Posted by: charlieman | April 09, 2009 at 08:07 PM
"And I thought I was misanthropic."
You thought correctly...
"Since when was being shocked by someone's death something to take the piss out of?"
Who's taking the piss? Not me - not Chris, as far as I can see. This video: if anyone finds this behaviour by the police extraordinary, then they have, you have, lived a very sheltered life and that is that.
Posted by: Shuggy | April 10, 2009 at 12:15 AM
A mate of mine is trying to join the police, and his motivation is probably number 2, it's either work in the police or work in a supermarket on minimum wage. For people who don't mind a bleep test, it seems like a no-brainer to me.
I think you can add another number to the list though, people who join the police because they have an ego the size of a garage.
"Well if you must know, I'm a policeman..." [pauses for impressed looks of idolisation]
Saying that, I looked at joining the police about 6 months back, and my motivation was good pension (which you get after 30 years if I'm not mistaken), variety in your work and, yes, a decent chat-up line.
Posted by: Tom Addison | April 10, 2009 at 09:56 AM
It's just gets me how you can have a situation recorded on video with obvious implications of police brutality and the response is to cover it up by saying that the officer was doing his job and not out of line. When a suspect is not combative and is surrendering, is it necessary to kick him in the head or shove him into a wall causing him to go into a comma....lets think long and hard on those instances.

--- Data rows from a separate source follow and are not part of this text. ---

lemma uminus_mem_signed_sums: "x \<in> signed_sums ws \<Longrightarrow> - x \<in> signed_sums ws"
proof (induction ws arbitrary: x)
  case (Cons w ws)
  from Cons.prems obtain c y where "c \<in> {-1, 0, 1}" "y \<in> signed_sums ws" "x = c * int w + y"
    by (elim signed_sums_ConsE)
  with Cons.IH have "(- c) * int w + (- y) \<in> signed_sums (w # ws)"
    by (intro signed_sums_ConsI) auto
  with \<open>x = c * int w + y\<close> show ?case by simp
qed simp

lemma abs_signed_sum_le: "x \<in> signed_sums ws \<Longrightarrow> \<bar>x\<bar> \<le> int (sum_list ws)"
proof (induction ws arbitrary: x)
  case (Cons w ws)
  from Cons.prems obtain c y where "c \<in> {-1, 0, 1}" "y \<in> signed_sums ws" "x = c * int w + y"
    by (elim signed_sums_ConsE)
  with Cons.IH[of y] show ?case by (auto simp: abs_le_iff)
qed simp

lemma signed_sums_appendE:
  assumes "x \<in> signed_sums (xs @ ys)"
  obtains a b where "a \<in> signed_sums xs" "b \<in> signed_sums ys" "x = a + b"
  using assms
proof (induction xs arbitrary: x thesis)
  case (Cons w xs)
  from Cons.prems(2) have "x \<in> signed_sums (w # xs @ ys)" by simp
  then obtain c y where c: "c \<in> {-1, 0, 1}" and y: "y \<in> signed_sums (xs @ ys)"
    and x: "x = c * int w + y"
    by (elim signed_sums_ConsE)
  obtain a b where "a \<in> signed_sums xs" "b \<in> signed_sums ys" "y = a + b"
    by (rule Cons.IH[OF _ y])
  with c x show ?case
    by (intro Cons.prems(1)[of "c * int w + a" b]) (auto intro: signed_sums_ConsI)
qed simp

lemma signed_sum_below_sum_list:
  assumes "x \<in> signed_sums ws" and "x \<noteq> int (sum_list ws)"
  shows "\<exists>w\<in>set ws. x \<le> int (sum_list ws) - int w"
  using assms
proof (induction ws arbitrary: x)
  case (Cons w ws)
  from Cons.prems obtain c y where c: "c \<in> {-1, 0, 1}" and y: "y \<in> signed_sums ws"
    and x: "x = c * int w + y"
    by (elim signed_sums_ConsE)
  show ?case
  proof (cases "c = 1")
    case True
    with Cons.prems x have "y \<noteq> int (sum_list ws)" by simp
    with Cons.IH y obtain v where "v \<in> set ws" "y \<le> int (sum_list ws) - int v" by blast
    with True x show ?thesis by (intro bexI[of _ v]) auto
  next
    case False
    with c have "c * int w \<le> 0" by auto
    moreover have "y \<le> int (sum_list ws)" using abs_signed_sum_le[OF y] by simp
    ultimately show ?thesis using x by (intro bexI[of _ w]) auto
  qed
qed simp

lemma weighing_partition_card_bound:
  assumes "weighing_partition n ws"
  shows "2 * n + 1 \<le> 3 ^ length ws"
proof -
  have "{- int n..int n} \<subseteq> signed_sums ws"
  proof
    fix x assume x: "x \<in> {- int n..int n}"
    show "x \<in> signed_sums ws"
    proof (cases "x = 0")
      case True
      then show ?thesis by (simp add: zero_mem_signed_sums)
    next
      case False
      with x have "nat \<bar>x\<bar> \<in> {1..n}" by auto
      with assms have "int (nat \<bar>x\<bar>) \<in> signed_sums ws" unfolding weighing_partition_iff by blast
      then have "\<bar>x\<bar> \<in> signed_sums ws" by simp
      then show ?thesis by (cases "x < 0") (auto dest: uminus_mem_signed_sums)
    qed
  qed
  then have "card {- int n..int n} \<le> card (signed_sums ws)"
    by (intro card_mono finite_signed_sums)
  with card_signed_sums_le[of ws] show ?thesis by simp
qed

lemma sorted_weighing_partition_part_le:
  assumes "sorted ws" and "weighing_partition n ws" and "k < length ws"
  shows "ws ! k \<le> 2 * sum_list (take k ws) + 1"
proof -
  define R where "R = sum_list (take k ws)"
  define L where "L = sum_list (drop k ws)"
  have n: "n = R + L"
    using assms(2) by (simp add: weighing_partition_def R_def L_def flip: sum_list_append)
  have drop: "drop k ws = ws ! k # drop (Suc k) ws"
    using assms(3) by (rule Cons_nth_drop_Suc[symmetric])
  then have L_ge: "ws ! k \<le> L" by (simp add: L_def)
  have nth_le_drop: "ws ! k \<le> v" if "v \<in> set (drop k ws)" for v
    using that sorted_wrt_drop[OF assms(1), of k] by (auto simp: drop)
  show ?thesis
  proof (cases "n \<le> 2 * R + 1")
    case True
    with n L_ge show ?thesis by (simp add: R_def)
  next
    case False
    define l where "l = n - 2 * R - 1"
    from False have "l \<in> {1..n}" by (simp add: l_def)
    with assms(2) have "int l \<in> signed_sums (take k ws @ drop k ws)"
      by (simp add: weighing_partition_iff)
    then obtain a b where a: "a \<in> signed_sums (take k ws)" and b: "b \<in> signed_sums (drop k ws)"
      and l: "int l = a + b"
      by (rule signed_sums_appendE)
    from abs_signed_sum_le[OF a] have "\<bar>a\<bar> \<le> int R" by (simp add: R_def)
    with l False n have "b \<noteq> int L" by (simp add: l_def)
    with b obtain v where "v \<in> set (drop k ws)" and "b \<le> int L - int v"
      using signed_sum_below_sum_list by (force simp: L_def)
    with nth_le_drop have "b \<le> int L - int (ws ! k)" by force
    with l \<open>\<bar>a\<bar> \<le> int R\<close> False n show ?thesis by (simp add: l_def R_def)
  qed
qed

lemma sorted_weighing_partition_prefix_bound:
  assumes "sorted ws" and "weighing_partition n ws" and "k \<le> length ws"
  shows "2 * sum_list (take k ws) + 1 \<le> 3 ^ k"
  using assms(3)
proof (induction k)
  case (Suc k)
  then have k: "k < length ws" by simp
  then have "sum_list (take (Suc k) ws) = sum_list (take k ws) + ws ! k"
    by (simp add: take_Suc_conv_app_nth)
  with sorted_weighing_partition_part_le[OF assms(1,2) k] Suc show ?case by simp
qed simp

lemma sorted_weighing_partition_nth_le:
  assumes "sorted ws" and "weighing_partition n ws" and "k < length ws"
  shows "ws ! k \<le> 3 ^ k"
  using sorted_weighing_partition_part_le[OF assms]
    sorted_weighing_partition_prefix_bound[OF assms(1,2), of k] assms(3)
  by simp

lemma two_mul_half_three_pow: "2 * ((3 ^ i - 1) div 2) + 1 = (3 ^ i :: nat)"
  by simp

definition powers_of_three :: "nat \<Rightarrow> nat list" where
  "powers_of_three i = map ((^) 3) [0..<i]"

lemma length_powers_of_three [simp]: "length (powers_of_three i) = i"
  by (simp add: powers_of_three_def)
lemma active_count_if_le_Suc:
  "M \<le> Suc v \<Longrightarrow> active_count M v = card {xs \<in> rooted_perms M. cyc_avoids_1432 xs}"
  unfolding active_count_def using active_if_le_Suc by metis

lemma active_count_1_1: "active_count 1 1 = 1"
proof -
  have "rooted_perms 1 = {[1]}"
  proof
    show "rooted_perms 1 \<subseteq> {[1]}"
    proof
      fix xs assume "xs \<in> rooted_perms 1"
      then have "distinct xs" "set xs = {1}" by (auto simp: rooted_perms_iff)
      then have "length xs = 1" using distinct_card by fastforce
      with \<open>set xs = {1}\<close> show "xs \<in> {[1]}" by (cases xs) auto
    qed
  qed (simp add: rooted_perms_iff)
  moreover have "cyc_avoids_1432 [1]" by (simp add: cyc_avoids_1432_def cyc_succ_def)
  ultimately have "{xs \<in> rooted_perms 1. cyc_avoids_1432 xs} = {[1]}" by blast
  then show ?thesis using active_count_if_le_Suc[of 1 1] by simp
qed

(* The right-hand side minus (p + q + 1 choose q) is the ballot number
  (p + q choose q) - (p + q choose (q - 1)); it is stated additively to avoid truncated
  subtraction. *)
lemma ballot_table_closed_form:
  fixes B :: "nat \<Rightarrow> nat \<Rightarrow> nat"
  assumes first_column: "\<And>p. B p 0 = 1"
    and pascal: "\<And>p q. q < p \<Longrightarrow> B (Suc p) (Suc q) = B (Suc p) q + B p (Suc q)"
    and diagonal: "\<And>p. B (Suc p) (Suc p) = B (Suc p) p"
  shows "q \<le> p \<Longrightarrow> B p q + (p + q + 1 choose q) = 2 * (p + q choose q)"
proof (induction p arbitrary: q)
  case 0
  then show ?case using first_column by simp
next
  case (Suc p)
  note previous_row = Suc.IH
  show ?case
    using Suc.prems
  proof (induction q)
    case 0
    then show ?case using first_column by simp
  next
    case (Suc q)
    show ?case
    proof (cases "q < p")
      case True
      with Suc previous_row[of "Suc q"] show ?thesis by (simp add: pascal)
    next
      case False
      with Suc.prems have "q = p" by simp
      have "Suc (p + p) choose Suc p = Suc (p + p) choose p"
        using binomial_symmetric[of "Suc p" "Suc (p + p)"] by simp
      with Suc.IH show ?thesis unfolding \<open>q = p\<close> diagonal by simp
    qed
  qed
qed
(* Consider the iterates $\{x(t)\}$ of the asynchronous network Newton method described in the context, with arbitrary $x(0)\in\mathbb{R}^n$, in a network with $n\ge 2$ agents. If $$0<\varepsilon<\min\left\{1,\;2\left(\frac{\lambda}{\Lambda}\right)^2\right\},$$ then for all $t\ge0$ $$\mathbb{E}\big[F(x(t))-F^*\big]\le(1-\beta)^t\big(F(x(0))-F^*\big),\qquad \beta=\frac{\alpha m\,\varepsilon\,(2\lambda^2-\varepsilon\Lambda^2)}{n\lambda},$$ and $0<\beta<1$.
   Context: Setup. Let $n\ge 1$ be the number of agents and $\alpha>0$ a scalar. $W\in\mathbb{R}^{n\times n}$ is a symmetric nonnegative matrix with $W\mathbb{1}=\mathbb{1}$ (where $\mathbb{1}$ is the all-ones vector), $\mathrm{null}(I-W)=\mathrm{span}\{\mathbb{1}\}$, $0\le W_{ij}<1$ for all $i,j$, and $\delta\le W_{ii}\le\Delta$ for all $i$, for constants $0<\delta\le\Delta<1$. Each $f_i:\mathbb{R}\to\mathbb{R}$ is twice continuously differentiable with $0<m\le f_i''(s)\le M<\infty$ for all $s$ and $|f_i''(a)-f_i''(b)|\le L|a-b|$ for all $a,b$. Define $F(x)=\frac12 x^T(I-W)x+\alpha\sum_{i=1}^n f_i(x_i)$ for $x\in\mathbb{R}^n$, with minimum value $F^*$ and minimizer $x^*$. Let $g(x)=\nabla F(x)$, $G(x)=\mathrm{diag}(f_1''(x_1),\dots,f_n''(x_n))$, $H(x)=\nabla^2F(x)=I-W+\alpha G(x)$. Let $W_d$ be the diagonal matrix with $[W_d]_{ii}=W_{ii}$, and set $D(x)=\alpha G(x)+2(I-W_d)$ (diagonal, positive definite) and $B=I-2W_d+W$, so $H(x)=D(x)-B$. Define the approximate Hessian inverse $\hat H(x)^{-1}=D(x)^{-1/2}\big(I+D(x)^{-1/2}BD(x)^{-1/2}\big)D(x)^{-1/2}$. Constants: $\rho=\frac{2(1-\delta)}{2(1-\delta)+\alpha m}$, $\Lambda=\frac{1+\rho}{2(1-\Delta)+\alpha m}$, $\lambda=\frac{1}{2(1-\delta)+\alpha M}$. Algorithm (asynchronous network Newton). Given $x(0)\in\mathbb{R}^n$ and stepsize $\varepsilon>0$, let $\Phi(1),\Phi(2),\dots$ be i.i.d. random diagonal $n\times n$ matrices, each equal to $e_ie_i^T$ (the matrix with a single $1$ in position $(i,i)$ and zeros elsewhere) with probability $1/n$ for each $i=1,\dots,n$ (i.e., one uniformly random agent is active per iteration). The iterates are $x(t)=x(t-1)-\varepsilon\,\Phi(t)\hat H(x(t-1))^{-1}g(x(t-1))$, $t\ge1$. Write $g(t)=g(x(t))$, $D(t)=D(x(t))$, $H(t)=H(x(t))$, $\hat H(t)^{-1}=\hat H(x(t))^{-1}$. $\mathcal{F}_t$ denotes the $\sigma$-field generated by $\Phi(1),\dots,\Phi(t)$ (so $x(t)$ is $\mathcal{F}_t$-measurable). *)

theory Defs
  imports "HOL-Analysis.Analysis" "HOL-Probability.Probability"
begin

text \<open>Agents are indexed by a finite type 'n (so n = CARD('n)); vectors are real^'n and
  matrices real^'n^'n. The local functions are f i, with first and second derivatives
  f1 i and f2 i.\<close>

definition diagm :: "real^'n \<Rightarrow> real^'n^'n" where
  "diagm v = (\<chi> i j. if i = j then v $ i else 0)"

definition onesv :: "real^'n" where
  "onesv = (\<chi> i. 1)"

definition Fobj :: "real^'n^'n \<Rightarrow> real \<Rightarrow> ('n \<Rightarrow> real \<Rightarrow> real) \<Rightarrow> real^'n \<Rightarrow> real" where
  "Fobj W \<alpha> f x = (1/2) * (x \<bullet> ((mat 1 - W) *v x)) + \<alpha> * (\<Sum>i\<in>UNIV. f i (x $ i))"

definition Fstar :: "real^'n^'n \<Rightarrow> real \<Rightarrow> ('n \<Rightarrow> real \<Rightarrow> real) \<Rightarrow> real" where
  "Fstar W \<alpha> f = (INF x. Fobj W \<alpha> f x)"

definition gradF :: "real^'n^'n \<Rightarrow> real \<Rightarrow> ('n \<Rightarrow> real \<Rightarrow> real) \<Rightarrow> real^'n \<Rightarrow> real^'n" where
  "gradF W \<alpha> f1 x = (mat 1 - W) *v x + \<alpha> *\<^sub>R (\<chi> i. f1 i (x $ i))"

definition Wdiag :: "real^'n^'n \<Rightarrow> real^'n^'n" where
  "Wdiag W = diagm (\<chi> i. W $ i $ i)"

definition Dvec :: "real^'n^'n \<Rightarrow> real \<Rightarrow> ('n \<Rightarrow> real \<Rightarrow> real) \<Rightarrow> real^'n \<Rightarrow> real^'n" where
  "Dvec W \<alpha> f2 x = (\<chi> i. \<alpha> * f2 i (x $ i) + 2 * (1 - W $ i $ i))"

definition Dmat :: "real^'n^'n \<Rightarrow> real \<Rightarrow> ('n \<Rightarrow> real \<Rightarrow> real) \<Rightarrow> real^'n \<Rightarrow> real^'n^'n" where
  "Dmat W \<alpha> f2 x = diagm (Dvec W \<alpha> f2 x)"

definition Dinvsqrt :: "real^'n^'n \<Rightarrow> real \<Rightarrow> ('n \<Rightarrow> real \<Rightarrow> real) \<Rightarrow> real^'n \<Rightarrow> real^'n^'n" where
  "Dinvsqrt W \<alpha> f2 x = diagm (\<chi> i. 1 / sqrt (Dvec W \<alpha> f2 x $ i))"

definition Bmat :: "real^'n^'n \<Rightarrow> real^'n^'n" where
  "Bmat W = mat 1 - 2 *\<^sub>R Wdiag W + W"

definition Hhat_inv :: "real^'n^'n \<Rightarrow> real \<Rightarrow> ('n \<Rightarrow> real \<Rightarrow> real) \<Rightarrow> real^'n \<Rightarrow> real^'n^'n" where
  "Hhat_inv W \<alpha> f2 x =
     Dinvsqrt W \<alpha> f2 x ** (mat 1 + Dinvsqrt W \<alpha> f2 x ** Bmat W ** Dinvsqrt W \<alpha> f2 x)
       ** Dinvsqrt W \<alpha> f2 x"

definition Phi :: "'n \<Rightarrow> real^'n^'n" where
  "Phi i = diagm (\<chi> j. if j = i then 1 else 0)"

definition ann_step :: "real^'n^'n \<Rightarrow> real \<Rightarrow> ('n \<Rightarrow> real \<Rightarrow> real) \<Rightarrow> ('n \<Rightarrow> real \<Rightarrow> real)
    \<Rightarrow> real \<Rightarrow> 'n \<Rightarrow> real^'n \<Rightarrow> real^'n" where
  "ann_step W \<alpha> f1 f2 \<epsilon> i x = x - \<epsilon> *\<^sub>R (Phi i *v (Hhat_inv W \<alpha> f2 x *v gradF W \<alpha> f1 x))"

text \<open>Distribution of x(t): Phi(1), Phi(2), ... i.i.d., each e_i e_i^T with probability 1/n.\<close>
primrec ann_dist :: "real^'n^'n \<Rightarrow> real \<Rightarrow> ('n::finite \<Rightarrow> real \<Rightarrow> real) \<Rightarrow> ('n \<Rightarrow> real \<Rightarrow> real)
    \<Rightarrow> real \<Rightarrow> real^'n \<Rightarrow> nat \<Rightarrow> (real^'n) pmf" where
  "ann_dist W \<alpha> f1 f2 \<epsilon> x0 0 = return_pmf x0"
| "ann_dist W \<alpha> f1 f2 \<epsilon> x0 (Suc t) =
     bind_pmf (ann_dist W \<alpha> f1 f2 \<epsilon> x0 t)
       (\<lambda>x. map_pmf (\<lambda>i. ann_step W \<alpha> f1 f2 \<epsilon> i x) (pmf_of_set UNIV))"

definition rho_c :: "real \<Rightarrow> real \<Rightarrow> real \<Rightarrow> real" where
  "rho_c \<delta> \<alpha> m = 2 * (1 - \<delta>) / (2 * (1 - \<delta>) + \<alpha> * m)"

definition Lambda_c :: "real \<Rightarrow> real \<Rightarrow> real \<Rightarrow> real \<Rightarrow> real" where
  "Lambda_c \<delta> \<Delta> \<alpha> m = (1 + rho_c \<delta> \<alpha> m) / (2 * (1 - \<Delta>) + \<alpha> * m)"

definition lambda_c :: "real \<Rightarrow> real \<Rightarrow> real \<Rightarrow> real" where
  "lambda_c \<delta> \<alpha> M = 1 / (2 * (1 - \<delta>) + \<alpha> * M)"

end

theory Submission
  imports Defs
begin

text \<open>
  Both \<open>I - W\<close> and \<open>B\<close> are symmetric and diagonally
  dominant, hence positive semidefinite, and \<open>B = 2 (I - W\<^sub>d) - (I - W)\<close>. So the quadratic
  form of \<open>Hhat_inv x\<close> lies between \<open>\<Sum> v\<^sub>i\<^sup>2 / d\<^sub>i\<close> and \<open>\<Sum> (1/d\<^sub>i + 2 (1 - W\<^sub>i\<^sub>i)/d\<^sub>i\<^sup>2) v\<^sub>i\<^sup>2\<close>,
  i.e. in \<open>[\<lambda>, \<Lambda>]\<close>, and \<open>\<bar>Hhat_inv x v\<bar>\<^sup>2 \<le> \<Lambda>\<^sup>2 \<bar>v\<bar>\<^sup>2\<close>.
  A Taylor bound along coordinate \<open>i\<close> shows that activating agent \<open>i\<close> with direction
  \<open>d = Hhat_inv x g\<close> decreases \<open>F\<close> by at least \<open>\<epsilon> d\<^sub>i g\<^sub>i - \<epsilon>\<^sup>2 d\<^sub>i\<^sup>2 / (2 \<lambda>)\<close>. Averaging over
  the \<open>n\<close> agents gives the expected decrease \<open>(\<epsilon> \<lambda> - \<epsilon>\<^sup>2 \<Lambda>\<^sup>2 / (2 \<lambda>)) \<bar>g\<bar>\<^sup>2 / n\<close>, and
  strong convexity gives the Polyak--Lojasiewicz inequality \<open>\<bar>g\<bar>\<^sup>2 \<ge> 2 \<alpha> m (F - F\<^sup>*)\<close>,
  so the optimality gap contracts by \<open>1 - \<beta>\<close> in expectation at every step.
\<close>

lemma quadratic_taylor_bounds:
  fixes f f' f'' :: "real \<Rightarrow> real" and m M x y :: real
  assumes f': "\<And>s. (f has_real_derivative f' s) (at s)"
    and f'': "\<And>s. (f' has_real_derivative f'' s) (at s)"
    and bounds: "\<And>s. m \<le> f'' s \<and> f'' s \<le> M"
  shows "f x + f' x * (y - x) + m / 2 * (y - x)\<^sup>2 \<le> f y"
    and "f y \<le> f x + f' x * (y - x) + M / 2 * (y - x)\<^sup>2"
proof -
  obtain t where "f y = f x + f' x * (y - x) + f'' t / 2 * (y - x)\<^sup>2"
  proof (cases "y = x")
    case False
    define diff where "diff = (\<lambda>k::nat. if k = 0 then f else if k = 1 then f' else f'')"
    have "\<exists>t. (if y < x then y < t \<and> t < x else x < t \<and> t < y) \<and>
        f y = (\<Sum>k<2. diff k x / fact k * (y - x) ^ k) + diff 2 t / fact 2 * (y - x)\<^sup>2"
      by (rule Taylor[of 2 diff f "min x y" "max x y"])
        (use f' f'' False in \<open>auto simp: diff_def less_2_cases_iff\<close>)
    then show ?thesis
      using that by (auto simp: diff_def numeral_2_eq_2)
  qed (use that in simp)
  with bounds[of t] show "f x + f' x * (y - x) + m / 2 * (y - x)\<^sup>2 \<le> f y"
    and "f y \<le> f x + f' x * (y - x) + M / 2 * (y - x)\<^sup>2"
    by (auto intro: mult_right_mono)
qed
text \<open>The Lipschitz minorant is the inf-convolution \<open>h y = inf\<^sub>z (G z + d y z)\<close>.\<close>

lemma positive_lipschitz_minorant:
  assumes G_pos: "\<forall>x\<in>C. 0 < G x"
    and G_local: "\<forall>x\<in>C. \<exists>r>0. \<exists>c>0. \<forall>p\<in>gball r x. c \<le> G p"
  obtains h where "positive_lipschitz h" "\<forall>x\<in>C. h x \<le> G x"
proof
  define S where "S y = {G z + a | z a. z \<in> C \<and> near a y z}" for y
  define h where "h y = Inf (S y)" for y
  have in_S: "G z + a \<in> S y" if "z \<in> C" "near a y z" for y z a
    using that unfolding S_def by blast
  have S_cases: "\<exists>z a. v = G z + a \<and> z \<in> C \<and> near a y z" if "v \<in> S y" for v y
    using that unfolding S_def by blast
  have S_pos: "0 < v" if v_in: "v \<in> S y" for v y
  proof -
    obtain z a where "v = G z + a" "z \<in> C" "near a y z" using S_cases[OF v_in] by blast
    moreover have "0 < G z" "0 < a" using calculation G_pos near_pos by auto
    ultimately show ?thesis by simp
  qed
  have bdd: "bdd_below (S y)" for y
    by (rule bdd_belowI[of _ 0]) (simp add: S_pos less_imp_le)
  have nonempty: "S y \<noteq> {}" if "y \<in> C" for y
    using in_S[OF that near_refl[of 1]] by auto
  have h_le: "h y \<le> v" if "v \<in> S y" for v y
    unfolding h_def using that bdd by (rule cInf_lower)
  show "\<forall>y\<in>C. h y \<le> G y"
  proof
    fix y assume y: "y \<in> C"
    show "h y \<le> G y"
    proof (rule field_le_epsilon)
      fix e :: real assume "0 < e"
      then show "h y \<le> G y + e" using h_le in_S[OF y near_refl] by blast
    qed
  qed
  have "0 < h y" if y: "y \<in> C" for y
  proof -
    obtain r c where "0 < r" "0 < c" and c: "\<forall>p\<in>gball r y. c \<le> G p"
      using G_local y by blast
    have "min r c \<le> v" if v_in: "v \<in> S y" for v
    proof -
      obtain z a where v: "v = G z + a" "z \<in> C" "near a y z" using S_cases[OF v_in] by blast
      have "0 < a" "0 < G z" using v near_pos G_pos by auto
      moreover have "a < r \<Longrightarrow> c \<le> G z" using c v unfolding gball_def by blast
      ultimately show ?thesis unfolding v(1) by linarith
    qed
    then have "min r c \<le> h y" unfolding h_def by (intro cInf_greatest[OF nonempty[OF y]])
    then show ?thesis using \<open>0 < r\<close> \<open>0 < c\<close> by linarith
  qed
  moreover have "h x \<le> h y + b" if xy: "x \<in> C" "y \<in> C" and "near b x y" for x y b
  proof -
    have "h x - b \<le> v" if v_in: "v \<in> S y" for v
    proof -
      obtain z a where v: "v = G z + a" "z \<in> C" "near a y z" using S_cases[OF v_in] by blast
      then have "h x \<le> G z + (b + a)" using h_le in_S near_trans \<open>near b x y\<close> by blast
      then show ?thesis using v by linarith
    qed
    then have "h x - b \<le> h y" unfolding h_def by (intro cInf_greatest[OF nonempty[OF xy(2)]])
    then show ?thesis by linarith
  qed
  ultimately show "positive_lipschitz h" unfolding positive_lipschitz_def by blast
qed
lemma B_add_left: "B (u + w) v = B u v + B w v"
  and B_add_right: "B v (u + w) = B v u + B v w"
  and B_scale_left: "B (scale a u) v = a * B u v"
  using quadratic_form unfolding quadratic_form_def by blast+

lemma Q_zero [simp]: "Q 0 = 0"
  using quadratic_form scale_zero_left[of 0] unfolding quadratic_form_def
  by (metis mult_zero_left zero_power2)

lemma B_self [simp]: "B x x = 0"
proof -
  have "x + x = scale (1 + 1) x" by (simp only: scale_left_distrib scale_one)
  also have "\<dots> = 0" by simp
  finally show ?thesis unfolding assoc_bilinear_def by simp
qed

lemma Q_add: "Q (x + y) = Q x + Q y + B x y"
  unfolding assoc_bilinear_def by algebra

lemma B_zero_left [simp]: "B 0 y = 0"
  using B_add_left[of 0 0 y] by simp

lemma B_sum_left: "B (sum f A) y = (\<Sum>a\<in>A. B (f a) y)"
  by (induction A rule: infinite_finite_induct) (auto simp: B_add_left)

lemma B_sum_right: "B y (sum f A) = (\<Sum>a\<in>A. B y (f a))"
  using B_sum_left by (simp add: assoc_bilinear_commute)

lemma independent_if_pairwise_one:
  assumes S: "finite S" "even (card S)" and one: "\<forall>x\<in>S. \<forall>y\<in>S. x \<noteq> y \<longrightarrow> B x y = 1"
  shows "independent S"
proof
  assume "dependent S"
  then obtain w where nonzero: "\<exists>x\<in>S. w x \<noteq> 0" and relation: "(\<Sum>x\<in>S. scale (w x) x) = 0"
    using dependent_finite[OF S(1)] by blast
  define \<sigma> where "\<sigma> = (\<Sum>x\<in>S. w x)"
  have coeff: "w l = \<sigma>" if l: "l \<in> S" for l
  proof -
    have "0 = B (\<Sum>x\<in>S. scale (w x) x) l" using relation by simp
    also have "\<dots> = (\<Sum>x\<in>S. if x = l then 0 else w x)"
      unfolding B_sum_left B_scale_left using l one by (intro sum.cong) auto
    also have "\<dots> = (\<Sum>x\<in>S - {l}. w x)"
      using S(1) by (simp add: sum.If_cases Diff_eq)
    finally show ?thesis
      unfolding \<sigma>_def using S(1) l by (simp add: sum.remove)
  qed
  have "\<sigma> = (\<Sum>x\<in>S. w x)" by (simp only: \<sigma>_def)
  also have "\<dots> = (\<Sum>x\<in>S. \<sigma>)" using coeff by (rule sum.cong[OF refl])
  also have "\<dots> = of_nat (card S) * \<sigma>" by simp
  also have "\<dots> = 0" using S(2) by (simp add: of_nat_bit)
  finally show False using nonzero coeff by auto
qed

Posted by: Ajlouny | August 14, 2009 at 04:09 AM
And a lot of it reflects a switch from bank deposits to securities; foreigners “other investments” in the UK, http://www.watchgy.com/ mostly bank deposits, fell by £143.2bn in Q1. And of course there’s no guarantee such buying will continue.
http://www.watchgy.com/tag-heuer-c-24.html
http://www.watchgy.com/rolex-submariner-c-8.html
Posted by: rolex replica | December 27, 2009 at 04:13 PM
Can anyone tell me does a police officer still receive his full pension after he has committed a crime and spent several years in jail for it?